I knew little to nothing about the 'mods' and 'rockers' of Swinging Sixties London and the fierce rivalry that bristled between them before going into the film, but Quadrophenia, Franc Roddam's film based on The Who's rock opera of the same name, completely immerses the viewer in their world. The images I tend to conjure of this important era in Britain's history is that of The Beatles running from a screaming crowd of ecstatic girls in A Hard Day's Night (1964). While Richard Lester's film has the fortune of being made at the time this movement was thriving, it's light-hearted fare, albeit a terrific one.

Quadrophenia doesn't pull its punches, and portrays the mods, in particular the young, alienated Jimmy (Phil Daniels) in all of their rough-and-tumble, amphetamine-popping glory. Adorned in the latest fashion and riding around London on his customised scooter, Jimmy funds his lifestyle by begrudgingly working as a post room boy for the kind of stiff-upper-lipped types he loathes. Outside of his job, he is a living nightmare for his parents, constantly out all hours listening to rock music with his friends and popping blue uppers to keep him on edge.

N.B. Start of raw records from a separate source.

theorem corollary3p10:
  fixes S :: "'a::{comm_semiring_0,comm_monoid_mult} itself"
  shows "sober_space (ideal_topology {I :: 'a set. is_ideal I})
       \<and> sober_space (ideal_topology {I :: 'a set. is_prime_ideal I})
       \<and> sober_space (ideal_topology {I :: 'a set. is_strongly_irreducible_ideal I})"
proof (intro conjI)
  show "sober_space (ideal_topology {I :: 'a set. is_ideal I})"
    by (rule sober_space_ideal_topology) (auto intro: is_ideal_Inter)
  show "sober_space (ideal_topology {I :: 'a set. is_prime_ideal I})"
    by (rule sober_space_ideal_topology)
      (simp add: is_prime_ideal_def, blast intro: is_prime_ideal_Inter)
  show "sober_space (ideal_topology {I :: 'a set. is_strongly_irreducible_ideal I})"
    by (rule sober_space_ideal_topology)
      (simp add: is_strongly_irreducible_ideal_def, blast intro: is_strongly_irreducible_ideal_Inter)
qed

end
lemma msum_finprod:
  assumes X: "lmodule X" and f: "\<And>i. i < n \<Longrightarrow> f i \<in> mcarrier X"
  shows "finprod (add_monoid X) f {..<n} = msum X f n"
  using f
proof (induction n)
  case 0
  then show ?case by (simp add: finprod_empty_add_monoid[OF X])
next
  case (Suc n)
  note CM = comm_monoid_add_monoid[OF X]
  have "finprod (add_monoid X) f {..<Suc n} = madd X (f n) (finprod (add_monoid X) f {..<n})"
    unfolding lessThan_Suc using comm_monoid.finprod_insert[OF CM, of "{..<n}" n f] Suc.prems
    by (auto simp: Pi_def)
  then show ?case using Suc lm_comm[OF X] msum_closed[OF X, of n f] by simp
qed

definition dsum :: "('r::ring_1, 'm) lmod \<Rightarrow> 'i set \<Rightarrow> ('i \<Rightarrow> 'm set) \<Rightarrow> ('r, 'i \<Rightarrow> 'm) lmod" where
  "dsum M I N = \<lparr>mcarrier = {u. (\<forall>i\<in>I. u i \<in> N i) \<and> (\<forall>i. i \<notin> I \<longrightarrow> u i = mzero M) \<and>
       finite {i. u i \<noteq> mzero M}},
     madd = (\<lambda>u v i. madd M (u i) (v i)),
     mzero = (\<lambda>i. mzero M),
     msmult = (\<lambda>r u i. msmult M r (u i))\<rparr>"

lemma dsum_simps:
  "madd (dsum M I N) = (\<lambda>u v i. madd M (u i) (v i))" "mzero (dsum M I N) = (\<lambda>i. mzero M)"
  "msmult (dsum M I N) = (\<lambda>r u i. msmult M r (u i))"
  "mcarrier (dsum M I N) = {u. (\<forall>i\<in>I. u i \<in> N i) \<and> (\<forall>i. i \<notin> I \<longrightarrow> u i = mzero M) \<and>
     finite {i. u i \<noteq> mzero M}}"
  by (simp_all add: dsum_def)

definition gsum :: "('r::ring_1, 'm) lmod \<Rightarrow> ('i \<Rightarrow> 'm) \<Rightarrow> 'm" where
  "gsum M u = finprod (add_monoid M) u {i. u i \<noteq> mzero M}"

context
  fixes M :: "('r::ring_1, 'm) lmod" and I :: "'i set" and N
  assumes M: "lmodule M" and N: "\<And>i. i \<in> I \<Longrightarrow> submod M (N i)"
begin

lemma dsum_val:
  assumes u: "u \<in> mcarrier (dsum M I N)"
  shows "u i \<in> mcarrier M"
proof (cases "i \<in> I")
  case True
  then show ?thesis using u N unfolding dsum_simps submod_def by blast
next
  case False
  then show ?thesis using u lm_zero[OF M] unfolding dsum_simps by auto
qed

lemma lmodule_dsum: "lmodule (dsum M I N)"
proof -
  let ?D = "dsum M I N" let ?C = "mcarrier (dsum M I N)"
  have z0: "madd M (mzero M) (mzero M) = mzero M" using lm_lzero[OF M lm_zero[OF M]] .
  have s0: "msmult M r (mzero M) = mzero M" for r using lm_smult_zero[OF M] .
  have add: "madd ?D x y \<in> ?C" if "x \<in> ?C" "y \<in> ?C" for x y
  proof -
    have "{i. madd M (x i) (y i) \<noteq> mzero M} \<subseteq> {i. x i \<noteq> mzero M} \<union> {i. y i \<noteq> mzero M}"
      using z0 by auto
    then show ?thesis using that N z0 unfolding dsum_simps submod_def by (auto intro: finite_subset)
  qed
  have smult: "msmult ?D r x \<in> ?C" if "x \<in> ?C" for r x
  proof -
    have "{i. msmult M r (x i) \<noteq> mzero M} \<subseteq> {i. x i \<noteq> mzero M}" using s0 by auto
    then show ?thesis using that N s0 unfolding dsum_simps submod_def by (auto intro: finite_subset)
  qed
  have inv: "\<forall>x\<in>?C. \<exists>y\<in>?C. madd ?D x y = mzero ?D"
  proof
    fix x assume x: "x \<in> ?C"
    have "madd ?D x (msmult ?D (-1) x) = mzero ?D"
      using dsum_val[OF x] lm_neg[OF M] unfolding dsum_simps by (simp add: fun_eq_iff)
    then show "\<exists>y\<in>?C. madd ?D x y = mzero ?D" using smult[OF x] by blast
  qed
  have "mzero ?D \<in> ?C" using N unfolding dsum_simps submod_def by auto
  moreover have "\<forall>x\<in>?C. \<forall>y\<in>?C. \<forall>z\<in>?C. madd ?D (madd ?D x y) z = madd ?D x (madd ?D y z)"
    "\<forall>x\<in>?C. \<forall>y\<in>?C. madd ?D x y = madd ?D y x" "\<forall>x\<in>?C. madd ?D (mzero ?D) x = x"
    "\<forall>r. \<forall>x\<in>?C. \<forall>y\<in>?C. msmult ?D r (madd ?D x y) = madd ?D (msmult ?D r x) (msmult ?D r y)"
    "\<forall>r s. \<forall>x\<in>?C. msmult ?D (r + s) x = madd ?D (msmult ?D r x) (msmult ?D s x)"
    "\<forall>r s. \<forall>x\<in>?C. msmult ?D (r * s) x = msmult ?D r (msmult ?D s x)" "\<forall>x\<in>?C. msmult ?D 1 x = x"
    using dsum_val lm_assoc[OF M] lm_comm[OF M] lm_lzero[OF M] lm_smult_add[OF M] lm_add_smult[OF M]
      lm_smult_assoc[OF M] lm_one[OF M]
    unfolding dsum_simps(1-3) by (simp_all add: fun_eq_iff)
  ultimately show ?thesis unfolding lmodule_def using add smult inv by blast
qed

lemma gsum_eq:
  assumes u: "u \<in> mcarrier (dsum M I N)" and F: "finite F" "{i. u i \<noteq> mzero M} \<subseteq> F"
  shows "gsum M u = finprod (add_monoid M) u F"
  unfolding gsum_def
  by (rule comm_monoid.finprod_mono_neutral_cong_left[OF comm_monoid_add_monoid[OF M] F])
     (use dsum_val[OF u] in auto)

lemma gsum_closed: "u \<in> mcarrier (dsum M I N) \<Longrightarrow> gsum M u \<in> mcarrier M"
  unfolding gsum_def
  using comm_monoid.finprod_closed[OF comm_monoid_add_monoid[OF M], of u "{i. u i \<noteq> mzero M}"] dsum_val
  by (auto simp: Pi_def)

lemma gsum_hom:
  "lmodule (sub M (gsum M ` mcarrier (dsum M I N))) \<and> mhom (dsum M I N) (sub M (gsum M ` mcarrier (dsum M I N))) (gsum M)"
proof (rule lmodule_image[OF lmodule_dsum])
  show "mzero (sub M (gsum M ` mcarrier (dsum M I N))) = gsum M (mzero (dsum M I N))"
    unfolding gsum_def dsum_simps by (simp add: finprod_empty_add_monoid[OF M])
next
  fix a b assume a: "a \<in> mcarrier (dsum M I N)" and b: "b \<in> mcarrier (dsum M I N)"
  define F where "F = {i. a i \<noteq> mzero M} \<union> {i. b i \<noteq> mzero M}"
  have F: "finite F" using a b unfolding F_def dsum_simps by auto
  have ab: "madd (dsum M I N) a b \<in> mcarrier (dsum M I N)" using lmodule_dsum a b by (rule lm_add)
  have "{i. madd (dsum M I N) a b i \<noteq> mzero M} \<subseteq> F"
    using lm_lzero[OF M lm_zero[OF M]] unfolding F_def dsum_simps by auto
  then have "gsum M (madd (dsum M I N) a b) = finprod (add_monoid M) (\<lambda>i. madd M (a i) (b i)) F"
    using gsum_eq[OF ab F] unfolding dsum_simps by simp
  also have "\<dots> = madd M (finprod (add_monoid M) a F) (finprod (add_monoid M) b F)"
    using comm_monoid.finprod_multf[OF comm_monoid_add_monoid[OF M], of a F b] dsum_val a b
    by (auto simp: Pi_def)
  also have "\<dots> = madd M (gsum M a) (gsum M b)"
    using gsum_eq[OF a F] gsum_eq[OF b F] unfolding F_def by auto
  finally show "madd (sub M (gsum M ` mcarrier (dsum M I N))) (gsum M a) (gsum M b) =
      gsum M (madd (dsum M I N) a b)" by simp
next
  fix r a assume a: "a \<in> mcarrier (dsum M I N)"
  define F where "F = {i. a i \<noteq> mzero M}"
  have F: "finite F" using a unfolding F_def dsum_simps by auto
  have ra: "msmult (dsum M I N) r a \<in> mcarrier (dsum M I N)" using lmodule_dsum a by (rule lm_smult)
  have "{i. msmult (dsum M I N) r a i \<noteq> mzero M} \<subseteq> F"
    using lm_smult_zero[OF M] unfolding F_def dsum_simps by auto
  then have "gsum M (msmult (dsum M I N) r a) = finprod (add_monoid M) (\<lambda>i. msmult M r (a i)) F"
    using gsum_eq[OF ra F] unfolding dsum_simps by simp
  also have "\<dots> = msmult M r (gsum M a)"
    using finprod_smult[OF M F] dsum_val[OF a] unfolding gsum_def F_def by simp
  finally show "msmult (sub M (gsum M ` mcarrier (dsum M I N))) r (gsum M a) = gsum M (msmult (dsum M I N) r a)"
    by simp
qed simp

lemma gsum_as_msum:
  assumes u: "u \<in> mcarrier (dsum M I N)"
  shows "\<exists>n b. (\<forall>k<n. b k \<in> I) \<and> gsum M u = msum M (\<lambda>k. u (b k)) n"
proof -
  define F where "F = {i. u i \<noteq> mzero M}"
  have F: "finite F" and FI: "F \<subseteq> I" using u unfolding F_def dsum_simps by auto
  obtain b where b: "bij_betw b {..<card F} F"
    using ex_bij_betw_nat_finite[OF F] by (auto simp: atLeast0LessThan)
  have "gsum M u = finprod (add_monoid M) u (b ` {..<card F})"
    using gsum_eq[OF u F] b unfolding F_def bij_betw_def by simp
  also have "\<dots> = finprod (add_monoid M) (\<lambda>k. u (b k)) {..<card F}"
    using comm_monoid.finprod_reindex[OF comm_monoid_add_monoid[OF M], of u b "{..<card F}"] b dsum_val[OF u]
    unfolding bij_betw_def by (simp add: Pi_def)
  also have "\<dots> = msum M (\<lambda>k. u (b k)) (card F)" by (rule msum_finprod[OF M]) (rule dsum_val[OF u])
  finally show ?thesis using bij_betw_apply[OF b] FI by blast
qed

lemma mhom_component:
  assumes h: "mhom Y (dsum M I N) h" and i: "i \<in> I"
  shows "mhom Y (sub M (N i)) (\<lambda>y. h y i)"
  using h i unfolding mhom_def dsum_simps by auto

end

text \<open>The direct sum of copies of \<open>M\<close> is \<open>M\<close>-generated: it is spanned by the images of the
  coordinate injections.\<close>

lemma mgenerated_dsum:
  fixes M :: "('r::ring_1, 'm) lmod" and I :: "'i set"
  assumes M: "lmodule M"
  shows "mgenerated M (dsum M I (\<lambda>_. mcarrier M))"
proof -
  let ?G = "dsum M I (\<lambda>_. mcarrier M)"
  have G: "lmodule ?G" using lmodule_dsum[OF M submod_carrier[OF M]] .
  note val = dsum_val[OF M submod_carrier[OF M]]
  define io where "io i m = (\<lambda>j::'i. if j = i then m else mzero M)" for i and m :: 'm
  have io: "mhom M ?G (io i)" if i: "i \<in> I" for i
  proof -
    have "io i m \<in> mcarrier ?G" if "m \<in> mcarrier M" for m
    proof -
      have "{j. io i m j \<noteq> mzero M} \<subseteq> {i}" unfolding io_def by auto
      then show ?thesis using i that lm_zero[OF M] unfolding dsum_simps io_def by (auto intro: finite_subset)
    qed
    moreover have "io i (madd M x y) = madd ?G (io i x) (io i y)" for x y
      unfolding dsum_simps io_def using lm_lzero[OF M lm_zero[OF M]] by (auto simp: fun_eq_iff)
    moreover have "io i (msmult M r x) = msmult ?G r (io i x)" for r x
      unfolding dsum_simps io_def using lm_smult_zero[OF M] by (auto simp: fun_eq_iff)
    ultimately show ?thesis unfolding mhom_def by blast
  qed
  have gen: "u \<in> finsums ?G (\<Union>i\<in>I. io i ` mcarrier M)"
    if "finite F" "u \<in> mcarrier ?G" "{i. u i \<noteq> mzero M} \<subseteq> F" for F u
    using that
  proof (induction F arbitrary: u rule: finite_induct)
    case empty
    then have "u = mzero ?G" unfolding dsum_simps by (auto simp: fun_eq_iff)
    then show ?case using finsums_zero by metis
  next
    case (insert i F)
    show ?case
    proof (cases "u i = mzero M")
      case True
      then show ?thesis using insert by auto
    next
      case False
      then have iI: "i \<in> I" using insert.prems(1) unfolding dsum_simps by auto
      define u' where "u' = u(i := mzero M)"
      have u'G: "u' \<in> mcarrier ?G" using insert.prems(1) lm_zero[OF M] unfolding dsum_simps u'_def
        by (auto intro: finite_subset[of _ "{i. u i \<noteq> mzero M}"])
      have "{i. u' i \<noteq> mzero M} \<subseteq> F" using insert.prems(2) unfolding u'_def by auto
      then have u'S: "u' \<in> finsums ?G (\<Union>i\<in>I. io i ` mcarrier M)" using insert.IH u'G by blast
      have "u i \<in> mcarrier M" using val[OF insert.prems(1)] .
      then have "io i (u i) \<in> mcarrier ?G" "io i (u i) \<in> (\<Union>i\<in>I. io i ` mcarrier M)"
        using io[OF iI] iI unfolding mhom_def by blast+
      then have ioS: "io i (u i) \<in> finsums ?G (\<Union>i\<in>I. io i ` mcarrier M)"
        using lm_lzero[OF G]
        by (intro finsumsI[where n = 1 and g = "\<lambda>_. io i (u i)"]) auto
      have "u = madd ?G u' (io i (u i))"
        using val[OF insert.prems(1)] lm_rzero[OF M] lm_lzero[OF M]
        unfolding dsum_simps u'_def io_def by (auto simp: fun_eq_iff)
      moreover have "(\<Union>i\<in>I. io i ` mcarrier M) \<subseteq> mcarrier ?G" using io unfolding mhom_def by blast
      ultimately show ?thesis using finsums_add[OF G _ u'S ioS] by simp
    qed
  qed
  show ?thesis unfolding mgenerated_def
  proof
    fix g assume g: "g \<in> mcarrier ?G"
    then have "g \<in> finsums ?G (\<Union>i\<in>I. io i ` mcarrier M)"
      using gen[of "{i. g i \<noteq> mzero M}" g] unfolding dsum_simps by blast
    then obtain n t where t: "\<forall>k<n. t k \<in> (\<Union>i\<in>I. io i ` mcarrier M)" "g = msum ?G t n"
      unfolding finsums_def by blast
    then have "\<forall>k<n. \<exists>c m. c \<in> I \<and> m \<in> mcarrier M \<and> t k = io c m" by blast
    then obtain c m where cm: "\<forall>k<n. c k \<in> I \<and> m k \<in> mcarrier M \<and> t k = io (c k) (m k)"
      by metis
    have "g = msum ?G (\<lambda>k. io (c k) (m k)) n" unfolding t(2) by (rule msum_cong) (use cm in auto)
    moreover have "\<forall>k<n. mhom M ?G (io (c k)) \<and> m k \<in> mcarrier M" using cm io by blast
    ultimately show "\<exists>n fs ms. (\<forall>i<n. mhom M ?G (fs i) \<and> ms i \<in> mcarrier M) \<and>
        g = msum ?G (\<lambda>i. fs i (ms i)) n" by (intro exI[of _ n] exI[of _ "\<lambda>k. io (c k)"] exI[of _ m]) simp
  qed
qed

He is romantically invested in Steph (Leslie Ash), who is currently involved with another chap, but after he does finally sleep with her, he discovers that the experience didn't have the same lasting effect it did on him. Jimmy also learns that his friend Kevin (Ray Winstone), fresh out of the army, is a rocker and therefore an enemy. A sense of alienation builds inside of the protagonist, with only the sense of belonging within the gang and cheap drugs to help drag him through his depression. It all builds up to a visit to Brighton where, along with super-cool mod Ace Face (Sting), meet up for a huge brawl with a gang of rockers.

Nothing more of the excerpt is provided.